The thought process is simple. It’s assuming the Cardinals will draft based on need.

The Cardinals were sacked 50 times last season, tied for fifth-most in the NFL. While they re-signed left tackle D.J. Humphries and are bringing back right tackles Justin Murray and Marcus Gilbert, do they trust them?

Gilbert has played in only 12 of 48 games over the past three seasons due to injury. Murray only has 12 career starts, all of them coming last season.

There is not a lot of proven talent behind them unless the Cardinals trust in rapid development of 2019 seventh-round pick Joshua Miles or 23-year-old Brett Toth, who has not appeared in an NFL game.

Is it likely Arizona drafts a tackle No. 8 overall? Yes, and I get it.

But it’s no forgone conclusion. Here’s the nuance that general manager Steve Keim and his staff will be healthily debating for the next few weeks.

The DeAndre Hopkins trade shouldn’t end WR consideration

(Photo by Bob Levey/Getty Images)

Recent mock drafts cite the Cardinals’ trade for receiver DeAndre Hopkins as a reason for Arizona to forget about taking one of the top receivers: CeeDee Lamb, Jerry Jeudy or Henry Ruggs III.

It’s important to remember that while the Cardinals trended more toward 11-personnel (three receivers, one tight end) and away from 10-personnel (four receivers, no tight ends) as coach Kliff Kingsbury navigated his first season, they were still wildly in favor of four receivers relative to the rest of the NFL.

They lined up with four receivers on 18% of their snaps with talent including Damiere Byrd, Pharoh Cooper and KeeSean Johnson, among others.

Now, trading for Hopkins might change what type of receiver the Cardinals want. Lamb gets comparisons to Hopkins, and it’s a wonder if Arizona would want two physical jump-ball threats on each side of the field. Would they rather have Jeudy’s versatility meshing with Hopkins, Larry Fitzgerald and Christian Kirk or a vertical stretcher like Ruggs bringing something that neither of those three have?

Who is the No. 3 and 4 WR of the future?

(AP Photo/Elaine Thompson)

Here’s where we remind ourselves that Fitzgerald is 36 years old and continues to string together one-year contracts. For the 2021 season, the Cardinals don’t even have a clear-cut third receiver after Hopkins and Kirk.

Johnson, Andy Isabella, Hakeem Butler and Trent Sherfield return and could assume that role if Fitzgerald calls it a career.

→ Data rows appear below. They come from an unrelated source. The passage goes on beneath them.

lemma count3_card:
  "card {j. Suc (Suc j) < length xs \<and> xs ! j = x \<and> xs ! Suc j = y \<and> xs ! Suc (Suc j) = z}
     = count3 x y z xs"
proof (induction xs)
  case (Cons a r)
  let ?S = "{j. Suc (Suc j) < length r \<and> r ! j = x \<and> r ! Suc j = y \<and> r ! Suc (Suc j) = z}"
  let ?A = "{j::nat. j = 0 \<and> 2 \<le> length r \<and> a = x \<and> r ! 0 = y \<and> r ! 1 = z}"
  have split: "{j. Suc (Suc j) < length (a # r) \<and> (a # r) ! j = x \<and> (a # r) ! Suc j = y
      \<and> (a # r) ! Suc (Suc j) = z} = ?A \<union> Suc ` ?S"
  proof (rule set_eqI)
    fix j show "j \<in> {j. Suc (Suc j) < length (a # r) \<and> (a # r) ! j = x \<and> (a # r) ! Suc j = y
        \<and> (a # r) ! Suc (Suc j) = z} \<longleftrightarrow> j \<in> ?A \<union> Suc ` ?S"
      by (cases j) auto
  qed
  have "finite ?S" by (rule finite_subset[of _ "{..<length r}"]) auto
  then have "card (?A \<union> Suc ` ?S) = card ?A + card ?S"
    by (subst card_Un_disjoint) (auto simp: card_image)
  moreover have "card ?A = (if 2 \<le> length r \<and> a = x \<and> r ! 0 = y \<and> r ! 1 = z then 1 else 0)"
    by auto
  ultimately show ?case unfolding split count3_Cons Cons.IH by simp
qed simp

section \<open>Blocks are counted by up-crossings\<close>

definition up_crossings :: "int list \<Rightarrow> nat \<Rightarrow> nat set" where
  "up_crossings p n = {j. Suc j < length p \<and> p ! j = int n - 1 \<and> p ! Suc j = int n}"

definition branch_crossings :: "int list \<Rightarrow> nat \<Rightarrow> nat set" where
  "branch_crossings p n = {j. Suc (Suc j) < length p \<and> p ! j = int n - 1 \<and> p ! Suc j = int n
     \<and> p ! Suc (Suc j) = int n + 1}"

lemma card_up_crossings: "card (up_crossings p n) = count2 (int n - 1) (int n) p"
  unfolding up_crossings_def by (rule count2_card)

lemma card_branch_crossings: "card (branch_crossings p n) = count3 (int n - 1) (int n) (int n + 1) p"
  unfolding branch_crossings_def by (rule count3_card)

lemma finite_up_crossings: "finite (up_crossings p n)"
  by (rule finite_subset[of _ "{..<length p}"]) (auto simp: up_crossings_def)

lemma branch_crossings_subset: "branch_crossings p n \<subseteq> up_crossings p n"
  by (auto simp: up_crossings_def branch_crossings_def)

lemma finite_branch_crossings: "finite (branch_crossings p n)"
  using finite_subset[OF branch_crossings_subset finite_up_crossings] .

lemma maximal_run_end:
  fixes p :: "int list"
  assumes "a < length p" "v \<le> p ! a"
  shows "\<exists>b. a \<le> b \<and> b < length p \<and> (\<forall>i. a \<le> i \<and> i \<le> b \<longrightarrow> v \<le> p ! i)
           \<and> (b = length p - 1 \<or> p ! Suc b < v)"
  using assms
proof (induction "length p - 1 - a" arbitrary: a)
  case 0
  then show ?case by (intro exI[of _ a]) auto
next
  case (Suc d)
  show ?case
  proof (cases "p ! Suc a < v")
    case True
    then show ?thesis using Suc.prems by (intro exI[of _ a]) auto
  next
    case False
    have "d = length p - 1 - Suc a" "Suc a < length p" "v \<le> p ! Suc a"
      using Suc.hyps(2) False by auto
    from Suc.hyps(1)[OF this] obtain b where b: "Suc a \<le> b" "b < length p"
      "\<forall>i. Suc a \<le> i \<and> i \<le> b \<longrightarrow> v \<le> p ! i" "b = length p - 1 \<or> p ! Suc b < v"
      by blast
    have "\<forall>i. a \<le> i \<and> i \<le> b \<longrightarrow> v \<le> p ! i"
      using b(3) Suc.prems by (metis le_antisym not_less_eq_eq)
    then show ?thesis using b by (intro exI[of _ b]) auto
  qed
qed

If Arizona still feels good about one of them panning out, there’s less pressure to take a receiver in the 2019 draft.

While we’re talking about those young players, it’s important to remember the 2020 draft class has first-round receiver talents who could fall to the second or third rounds. Arizona, however, doesn’t have a second-round pick after the Hopkins deal.

It’s hard to say which receivers are left at 72nd overall, 114th overall and so on.

Lots of Kyler Murray’s sacks were on him

(Photo by Jennifer Stewart/Getty Images)

Say it with me: “The Cardinals’ offensive line is not as bad as I think. The Cardinals’ offensive line is not as bad as I think.”


The Cardinals’ returning offensive line continues to take reputation hits despite what looked like a solid, if not good, 2019 season.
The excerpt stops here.